When her callers went away, they could not say enough about Mrs. Mourning Dove's pleasant ways, and her gentle, well-behaved children. "It is too bad she is such a poor nest-maker," the Vireo said, "and I understand now what she meant when she told me that they sometimes used old Robins' nests for their young. She said they flattened them out and added a few twigs, and that they did finely. I thought it very queer in them to do so, but perhaps if I had not been a good builder I should have done the same thing."
"Perhaps we all would," the others agreed. "She certainly is a very pleasant bird, and she is bringing up her children well. Mr. Mourning Dove seems to think her perfect. We won't worry any more about her."
THE YOUNG BLUE JAY WHO WAS NOT BRAVE ENOUGH TO BE AFRAID
Everybody who is acquainted with the Blue Jays knows that they are a very brave family. That is the best thing that you can say about them. To be sure, they dress very handsomely, and there is no prettier sight, on a fine winter morning, than a flock of Blue Jays flitting from branch to branch, dining off the acorns on the oak trees, and cocking their crested heads on one side as they look over the country. They are great talkers then, and are always telling each other just what to do; yet none of them ever do what they are told to, so they might just as well stop giving advice.

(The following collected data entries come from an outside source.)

text \<open>Given the infected set, \<open>m\<^sub>0\<close> is a function of the independent test sets of the
  \<open>n\<close> individuals, and redrawing the tests of one individual changes it by at most \<open>\<Delta>\<close> if that
  individual is infected and not at all otherwise. McDiarmid's bounded-differences inequality
  (obtained from Hoeffding's lemma by conditioning on one coordinate at a time) therefore gives
  \<open>P(|m\<^sub>0 - E m\<^sub>0| \<ge> t) \<le> 2 exp(-2t\<^sup>2/(k\<Delta>\<^sup>2))\<close>, where \<open>E m\<^sub>0 = m(1 - \<Delta>/m)\<^sup>k\<close>.
  As \<open>k\<Delta>/m = d + O(1/m)\<close>, this mean is \<open>e\<^sup>-\<^sup>d m + O(log n)\<close>. Taking
  \<open>t = \<surd>m log\<^sup>3 n\<close> and using \<open>m \<ge> k\<Delta>/(2d)\<close>, the tail is at most
  \<open>2 exp(-log\<^sup>6 n/(d\<Delta>))\<close>, which is \<open>o(n\<^sup>-\<^sup>2)\<close> because \<open>\<Delta> = O(log n)\<close>.\<close>

section \<open>McDiarmid's inequality for finite products of pmfs\<close>

lemma finite_set_Pi_pmf:
  assumes "finite I" "\<And>i. i \<in> I \<Longrightarrow> finite (set_pmf (p i))"
  shows "finite (set_pmf (Pi_pmf I dflt p))"
  using assms by (subst set_Pi_pmf) (auto intro!: finite_PiE_dflt)

lemma expectation_pair_pmf_finite:
  fixes h :: "'a \<times> 'b \<Rightarrow> real"
  assumes "finite (set_pmf A)" "finite (set_pmf B)"
  shows "measure_pmf.expectation (pair_pmf A B) h =
         measure_pmf.expectation A (\<lambda>a. measure_pmf.expectation B (\<lambda>b. h (a, b)))"
proof -
  have "measure_pmf.expectation (pair_pmf A B) h =
        (\<Sum>z\<in>set_pmf A \<times> set_pmf B. pmf (pair_pmf A B) z *\<^sub>R h z)"
    by (rule integral_measure_pmf) (use assms in auto)
  also have "\<dots> = (\<Sum>a\<in>set_pmf A. pmf A a * (\<Sum>b\<in>set_pmf B. pmf B b * h (a, b)))"
    by (auto simp: sum.cartesian_product pmf_pair sum_distrib_left mult.assoc intro!: sum.cong)
  also have "\<dots> = measure_pmf.expectation A (\<lambda>a. measure_pmf.expectation B (\<lambda>b. h (a, b)))"
    using assms by (simp add: integral_measure_pmf[of "set_pmf _"])
  finally show ?thesis .
qed

lemma expectation_diff_le_pmf:
  fixes f g :: "'a \<Rightarrow> real"
  assumes "finite (set_pmf M)" "\<And>x. x \<in> set_pmf M \<Longrightarrow> f x - g x \<le> c"
  shows "measure_pmf.expectation M f - measure_pmf.expectation M g \<le> c"
proof -
  have "measure_pmf.expectation M f - measure_pmf.expectation M g
      = measure_pmf.expectation M (\<lambda>x. f x - g x)"
    by (rule Bochner_Integration.integral_diff[symmetric])
       (auto intro!: integrable_measure_pmf_finite assms(1))
  also have "\<dots> \<le> measure_pmf.expectation M (\<lambda>x. c)"
    by (intro integral_mono_AE AE_pmfI assms(2)) (auto intro!: integrable_measure_pmf_finite assms(1))
  finally show ?thesis by simp
qed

The other people of the forest do not like the Blue Jays at all, and if one of them gets into trouble they will not help him out. This always has been so, and it always will be so. If it could be winter all the time, the Blue Jays could be liked well enough, for in cold weather they eat seeds and nuts and do not quarrel so much with others. It is in the summer that they become bad neighbors. Then they live in the thickest part of the woods and raise families of tiny, fuzzy babies in their great coarse nests. It is then, too, that they change their beautiful coats, and while the old feathers are dropping off and the new ones are growing they are not at all pretty. Oh, then is the time to beware of the Blue Jays!
They do very little talking during the summer, and the forest people do not know when they are coming, unless they see a flutter of blue wings among the branches. The Blue Jays have a reason for keeping still then. They are doing sly things, and they do not want to be found out.
The wee babies grow fast and their mouths are always open for more food. Father and Mother Blue Jay spend all their time in marketing, and they are not content with seeds and berries. They visit the nests of their bird neighbors, and then something very sad happens. When the Blue Jays go to a nest there may be four eggs in it; but when they go away there will not be any left, nothing but pieces of broken egg-shell. It is very, very sad, but this is another of the things which will always be so, and all that the other birds can do is to watch and drive the Jays away.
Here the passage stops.